Jerzy Tumaniszwili (გიორგი თუმანიშვილი, Giorgi Tumanishvili) (June 21, 1916 – December 9, 2010) was a Polish naval commander of a Georgian aristocratic descent. A World War II veteran and later an émigré to the United States, he received the rank of rear-admiral from the government of Poland in 2008.
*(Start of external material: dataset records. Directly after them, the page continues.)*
definition couplings :: "'w::metric_space measure \<Rightarrow> 'w measure \<Rightarrow> ('w \<times> 'w) measure set" where
  "couplings P Q = {R. sets R = sets (borel \<Otimes>\<^sub>M borel) \<and>
      distr R borel fst = P \<and> distr R borel snd = Q}"

definition wasserstein1 :: "'w::metric_space measure \<Rightarrow> 'w measure \<Rightarrow> ennreal" where
  "wasserstein1 P Q = (INF R \<in> couplings P Q. \<integral>\<^sup>+ xy. ennreal (dist (fst xy) (snd xy)) \<partial>R)"

text \<open>Joint distribution of (S, W): S drawn from Ms, W drawn from kernel K given S.\<close>
definition joint :: "'s measure \<Rightarrow> ('s \<Rightarrow> 'w measure) \<Rightarrow> 'w measure \<Rightarrow> ('s \<times> 'w) measure" where
  "joint Ms K Mw = Ms \<bind> (\<lambda>s. distr (K s) (Ms \<Otimes>\<^sub>M Mw) (\<lambda>w. (s, w)))"

definition pop_risk :: "'z measure \<Rightarrow> ('w \<Rightarrow> 'z \<Rightarrow> real) \<Rightarrow> 'w \<Rightarrow> real" where
  "pop_risk PZ loss w = (\<integral> z. loss w z \<partial>PZ)"

definition emp_risk :: "nat \<Rightarrow> ('w \<Rightarrow> 'z \<Rightarrow> real) \<Rightarrow> 'w \<Rightarrow> (nat \<Rightarrow> 'z) \<Rightarrow> real" where
  "emp_risk n loss w s = (\<Sum>i<n. loss w (s i)) / real n"

definition gen :: "'z measure \<Rightarrow> nat \<Rightarrow> ('w \<Rightarrow> 'z \<Rightarrow> real) \<Rightarrow> 'w \<Rightarrow> (nat \<Rightarrow> 'z) \<Rightarrow> real" where
  "gen PZ n loss w s = pop_risk PZ loss w - emp_risk n loss w s"

end

theory Submission
  imports Defs
begin

text \<open>
  For every \<open>i\<close>, the kernel \<open>Q i\<close> is the conditional law of \<open>W\<close> given \<open>Z\<^sub>i\<close>, so
  \<open>E[\<ell>(W, Z\<^sub>i)] = E\<^sub>z[\<integral> \<ell>(w, z) dQ\<^sub>i(z)]\<close>, while by Fubini \<open>E[L\<^sub>P(W)] = E\<^sub>z[\<integral> \<ell>(w, z) dP\<^sub>W]\<close>.
  Hence the expected generalization error is the average over \<open>i\<close> of
  \<open>E\<^sub>z[\<integral> \<ell>(w, z) dP\<^sub>W - \<integral> \<ell>(w, z) dQ\<^sub>i(z)]\<close>. For fixed \<open>z\<close>, integrating the Lipschitz bound
  \<open>\<bar>\<ell>(w, z) - \<ell>(w', z)\<bar> \<le> L \<rho>(w, w')\<close> against any coupling of \<open>Q\<^sub>i(z)\<close> and \<open>P\<^sub>W\<close> bounds the
  inner difference by \<open>L\<close> times the transport cost, hence by \<open>L W\<^sub>1(Q\<^sub>i(z), P\<^sub>W)\<close>.
\<close>

lemma integral_bind_kernel_nonneg:
  fixes f :: "'b \<Rightarrow> real"
  assumes N[measurable]: "N \<in> M \<rightarrow>\<^sub>M subprob_algebra B" and M: "space M \<noteq> {}"
    and f[measurable]: "f \<in> borel_measurable B" and nonneg: "\<And>y. 0 \<le> f y"
    and int: "integrable (M \<bind> N) f"
  shows "AE x in M. integrable (N x) f"
    and "integrable M (\<lambda>x. \<integral> y. f y \<partial>N x)"
    and "(\<integral> y. f y \<partial>(M \<bind> N)) = (\<integral> x. \<integral> y. f y \<partial>N x \<partial>M)"
proof -
  have f_N[measurable]: "f \<in> borel_measurable (N x)" if "x \<in> space M" for x
    using sets_kernel[OF N that] by (simp cong: measurable_cong_sets)
  have "(\<integral>\<^sup>+ x. \<integral>\<^sup>+ y. f y \<partial>N x \<partial>M) = (\<integral>\<^sup>+ y. f y \<partial>(M \<bind> N))"
    by (rule nn_integral_bind[symmetric, OF _ N]) simp
  also have "\<dots> = ennreal (\<integral> y. f y \<partial>(M \<bind> N))"
    using int nonneg by (intro nn_integral_eq_integral) auto
  finally have outer: "(\<integral>\<^sup>+ x. \<integral>\<^sup>+ y. f y \<partial>N x \<partial>M) = ennreal (\<integral> y. f y \<partial>(M \<bind> N))" .
  have "AE x in M. (\<integral>\<^sup>+ y. f y \<partial>N x) \<noteq> \<infinity>"
    using outer by (intro nn_integral_PInf_AE) auto
  with AE_space show AE_int: "AE x in M. integrable (N x) f"
    by eventually_elim (auto intro!: integrableI_nonneg f_N simp: nonneg top.not_eq_extremum)
  have inner: "AE x in M. (\<integral>\<^sup>+ y. f y \<partial>N x) = ennreal (\<integral> y. f y \<partial>N x)"
    using AE_int by eventually_elim (simp add: nn_integral_eq_integral nonneg)
  have outer_real: "(\<integral>\<^sup>+ x. ennreal (\<integral> y. f y \<partial>N x) \<partial>M) = ennreal (\<integral> y. f y \<partial>(M \<bind> N))"
    using outer inner by (simp cong: nn_integral_cong_AE)
  have inner_nonneg: "0 \<le> (\<integral> y. f y \<partial>N x)" for x
    by (simp add: nonneg)
  show "integrable M (\<lambda>x. \<integral> y. f y \<partial>N x)"
    by (intro integrableI_nonneg) (auto simp: outer_real inner_nonneg)
  show "(\<integral> y. f y \<partial>(M \<bind> N)) = (\<integral> x. \<integral> y. f y \<partial>N x \<partial>M)"
    by (subst integral_eq_nn_integral) (auto simp: outer_real inner_nonneg nonneg)
qed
Jerzy Tumaniszwili was born in Moscow in 1916. His father Prince Paul Toumanoff (Tumanishvili, 1872–1935) served as Marshal of Nobility of Georgia in the last years of the Russian Empire. His mother, Jadwiga Szyszko, was a daughter of the Polish general Cezary Szyszko, a commander in Zhytomyr. After the Russian Revolution of 1917, the family moved to Georgia, which they fled, following the country's takeover by the Bolsheviks in 1921. The family eventually settled in Warsaw, where Paul Toumanoff headed a local Georgian émigré committee from 1924 to 1930.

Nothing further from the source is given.